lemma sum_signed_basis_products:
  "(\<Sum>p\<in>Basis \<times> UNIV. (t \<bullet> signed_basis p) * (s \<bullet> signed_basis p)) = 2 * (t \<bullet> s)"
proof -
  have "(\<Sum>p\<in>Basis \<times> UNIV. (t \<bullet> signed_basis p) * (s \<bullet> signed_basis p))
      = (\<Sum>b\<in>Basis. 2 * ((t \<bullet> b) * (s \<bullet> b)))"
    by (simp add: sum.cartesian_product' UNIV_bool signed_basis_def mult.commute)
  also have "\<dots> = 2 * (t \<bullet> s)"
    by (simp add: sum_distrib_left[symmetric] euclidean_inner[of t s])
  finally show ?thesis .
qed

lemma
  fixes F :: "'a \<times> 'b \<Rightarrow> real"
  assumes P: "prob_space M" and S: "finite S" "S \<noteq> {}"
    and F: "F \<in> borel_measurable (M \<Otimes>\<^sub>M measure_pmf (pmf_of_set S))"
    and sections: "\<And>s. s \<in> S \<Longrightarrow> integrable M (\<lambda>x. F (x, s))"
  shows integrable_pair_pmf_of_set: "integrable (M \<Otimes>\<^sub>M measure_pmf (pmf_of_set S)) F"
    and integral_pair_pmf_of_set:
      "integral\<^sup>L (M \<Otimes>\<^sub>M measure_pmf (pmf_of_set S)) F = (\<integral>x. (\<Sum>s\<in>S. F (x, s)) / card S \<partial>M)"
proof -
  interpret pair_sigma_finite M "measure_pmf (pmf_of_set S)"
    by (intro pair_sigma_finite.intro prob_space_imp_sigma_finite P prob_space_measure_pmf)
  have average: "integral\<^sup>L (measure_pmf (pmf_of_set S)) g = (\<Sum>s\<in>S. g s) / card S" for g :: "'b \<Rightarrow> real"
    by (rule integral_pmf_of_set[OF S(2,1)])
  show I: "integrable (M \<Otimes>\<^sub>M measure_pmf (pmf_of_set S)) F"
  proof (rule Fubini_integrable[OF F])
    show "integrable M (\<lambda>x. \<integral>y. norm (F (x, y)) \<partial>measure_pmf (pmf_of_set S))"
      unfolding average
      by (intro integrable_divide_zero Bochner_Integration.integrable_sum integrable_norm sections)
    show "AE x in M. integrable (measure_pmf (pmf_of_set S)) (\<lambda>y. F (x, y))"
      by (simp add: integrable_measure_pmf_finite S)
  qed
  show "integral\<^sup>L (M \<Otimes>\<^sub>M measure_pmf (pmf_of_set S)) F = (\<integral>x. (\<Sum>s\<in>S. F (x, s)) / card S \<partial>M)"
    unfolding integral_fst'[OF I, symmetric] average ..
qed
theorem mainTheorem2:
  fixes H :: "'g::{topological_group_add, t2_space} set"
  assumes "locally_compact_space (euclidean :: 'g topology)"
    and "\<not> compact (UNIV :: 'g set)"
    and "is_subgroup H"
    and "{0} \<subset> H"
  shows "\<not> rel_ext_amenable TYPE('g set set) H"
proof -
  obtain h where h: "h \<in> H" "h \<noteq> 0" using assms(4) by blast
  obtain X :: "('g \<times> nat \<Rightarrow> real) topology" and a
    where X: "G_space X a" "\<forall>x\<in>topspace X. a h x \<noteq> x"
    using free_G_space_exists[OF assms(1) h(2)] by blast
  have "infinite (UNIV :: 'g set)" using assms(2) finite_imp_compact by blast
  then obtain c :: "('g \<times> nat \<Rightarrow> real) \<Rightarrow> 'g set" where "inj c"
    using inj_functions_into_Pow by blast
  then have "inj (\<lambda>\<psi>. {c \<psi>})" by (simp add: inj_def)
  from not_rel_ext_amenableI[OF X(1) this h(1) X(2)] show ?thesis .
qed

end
++++++++
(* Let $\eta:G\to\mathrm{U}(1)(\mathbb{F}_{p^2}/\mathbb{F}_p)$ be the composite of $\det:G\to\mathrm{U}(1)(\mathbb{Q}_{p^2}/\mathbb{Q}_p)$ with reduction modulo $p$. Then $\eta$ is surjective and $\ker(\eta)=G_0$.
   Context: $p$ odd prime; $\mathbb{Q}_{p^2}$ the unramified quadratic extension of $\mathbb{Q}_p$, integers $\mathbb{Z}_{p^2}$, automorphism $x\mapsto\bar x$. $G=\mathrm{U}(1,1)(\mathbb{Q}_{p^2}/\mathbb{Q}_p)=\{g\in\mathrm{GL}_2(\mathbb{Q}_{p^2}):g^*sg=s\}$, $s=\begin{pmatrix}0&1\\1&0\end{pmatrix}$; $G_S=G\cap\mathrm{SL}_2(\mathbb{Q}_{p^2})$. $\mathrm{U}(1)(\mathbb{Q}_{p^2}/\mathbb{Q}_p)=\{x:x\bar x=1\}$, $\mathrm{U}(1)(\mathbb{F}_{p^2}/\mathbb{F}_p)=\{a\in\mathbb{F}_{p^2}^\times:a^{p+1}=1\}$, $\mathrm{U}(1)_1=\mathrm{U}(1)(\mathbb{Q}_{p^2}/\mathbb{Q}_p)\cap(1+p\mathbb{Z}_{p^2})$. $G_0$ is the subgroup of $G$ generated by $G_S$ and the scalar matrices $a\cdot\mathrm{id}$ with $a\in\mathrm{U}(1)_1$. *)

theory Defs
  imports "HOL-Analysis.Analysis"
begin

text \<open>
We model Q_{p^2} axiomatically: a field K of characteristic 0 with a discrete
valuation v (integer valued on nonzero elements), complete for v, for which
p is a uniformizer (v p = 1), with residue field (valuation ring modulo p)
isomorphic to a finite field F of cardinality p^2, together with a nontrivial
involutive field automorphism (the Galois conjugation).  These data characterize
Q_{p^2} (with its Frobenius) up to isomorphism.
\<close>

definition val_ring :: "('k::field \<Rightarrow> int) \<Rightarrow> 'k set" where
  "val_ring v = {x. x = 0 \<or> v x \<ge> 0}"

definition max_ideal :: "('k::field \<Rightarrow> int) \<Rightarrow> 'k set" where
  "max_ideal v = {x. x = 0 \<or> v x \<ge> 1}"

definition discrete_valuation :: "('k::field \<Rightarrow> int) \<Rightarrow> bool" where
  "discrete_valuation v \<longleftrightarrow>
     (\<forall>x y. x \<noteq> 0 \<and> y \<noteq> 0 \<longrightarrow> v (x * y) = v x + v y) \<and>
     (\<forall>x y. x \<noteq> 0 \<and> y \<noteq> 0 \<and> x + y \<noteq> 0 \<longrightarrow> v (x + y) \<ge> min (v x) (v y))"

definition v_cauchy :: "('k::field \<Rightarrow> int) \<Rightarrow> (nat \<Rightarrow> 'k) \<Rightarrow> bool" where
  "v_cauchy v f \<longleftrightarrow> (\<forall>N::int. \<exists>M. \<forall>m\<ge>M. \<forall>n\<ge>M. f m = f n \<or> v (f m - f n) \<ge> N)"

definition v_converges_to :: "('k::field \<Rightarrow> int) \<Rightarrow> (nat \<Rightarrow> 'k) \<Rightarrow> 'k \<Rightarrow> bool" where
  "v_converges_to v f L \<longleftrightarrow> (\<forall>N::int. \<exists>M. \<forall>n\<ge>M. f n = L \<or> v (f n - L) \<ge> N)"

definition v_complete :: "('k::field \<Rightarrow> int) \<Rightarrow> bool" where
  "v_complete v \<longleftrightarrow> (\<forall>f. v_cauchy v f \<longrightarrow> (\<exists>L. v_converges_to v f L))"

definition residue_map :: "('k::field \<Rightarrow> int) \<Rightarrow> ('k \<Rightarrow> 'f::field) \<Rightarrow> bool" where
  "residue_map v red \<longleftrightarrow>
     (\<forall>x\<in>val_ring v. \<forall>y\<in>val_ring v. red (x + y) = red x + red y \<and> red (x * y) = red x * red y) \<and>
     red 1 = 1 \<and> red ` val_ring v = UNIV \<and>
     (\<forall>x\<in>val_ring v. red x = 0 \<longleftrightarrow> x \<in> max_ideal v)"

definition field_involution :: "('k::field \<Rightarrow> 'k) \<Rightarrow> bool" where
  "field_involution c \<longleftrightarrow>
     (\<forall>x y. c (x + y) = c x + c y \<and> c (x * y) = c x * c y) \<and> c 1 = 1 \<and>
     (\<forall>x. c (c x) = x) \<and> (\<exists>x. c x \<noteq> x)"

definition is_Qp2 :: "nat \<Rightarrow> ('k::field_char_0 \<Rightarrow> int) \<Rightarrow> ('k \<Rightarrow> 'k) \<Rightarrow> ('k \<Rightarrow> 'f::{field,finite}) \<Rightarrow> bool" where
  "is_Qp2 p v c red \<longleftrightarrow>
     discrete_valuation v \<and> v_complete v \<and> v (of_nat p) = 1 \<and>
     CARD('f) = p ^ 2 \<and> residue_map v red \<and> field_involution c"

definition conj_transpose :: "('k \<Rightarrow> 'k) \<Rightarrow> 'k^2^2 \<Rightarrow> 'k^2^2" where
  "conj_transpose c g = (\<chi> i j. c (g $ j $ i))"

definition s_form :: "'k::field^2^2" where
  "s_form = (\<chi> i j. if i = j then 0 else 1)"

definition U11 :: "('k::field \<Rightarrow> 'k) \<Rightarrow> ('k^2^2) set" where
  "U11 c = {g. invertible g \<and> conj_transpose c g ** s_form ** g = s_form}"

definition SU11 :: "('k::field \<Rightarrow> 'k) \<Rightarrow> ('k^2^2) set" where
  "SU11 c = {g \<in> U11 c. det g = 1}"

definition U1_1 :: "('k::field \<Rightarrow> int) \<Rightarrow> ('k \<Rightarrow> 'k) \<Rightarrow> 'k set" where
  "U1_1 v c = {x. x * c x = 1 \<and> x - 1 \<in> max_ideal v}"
++++++++
§ **Exercise aim**
Retype only this portion of the data above: the line containing "('k::field_char_0 \<Rightarrow> int)", the line containing "CARD('f) = p", and all lines between them, exactly.

§ **Solution to this problem**
definition is_Qp2 :: "nat \<Rightarrow> ('k::field_char_0 \<Rightarrow> int) \<Rightarrow> ('k \<Rightarrow> 'k) \<Rightarrow> ('k \<Rightarrow> 'f::{field,finite}) \<Rightarrow> bool" where
  "is_Qp2 p v c red \<longleftrightarrow>
     discrete_valuation v \<and> v_complete v \<and> v (of_nat p) = 1 \<and>
     CARD('f) = p ^ 2 \<and> residue_map v red \<and> field_involution c"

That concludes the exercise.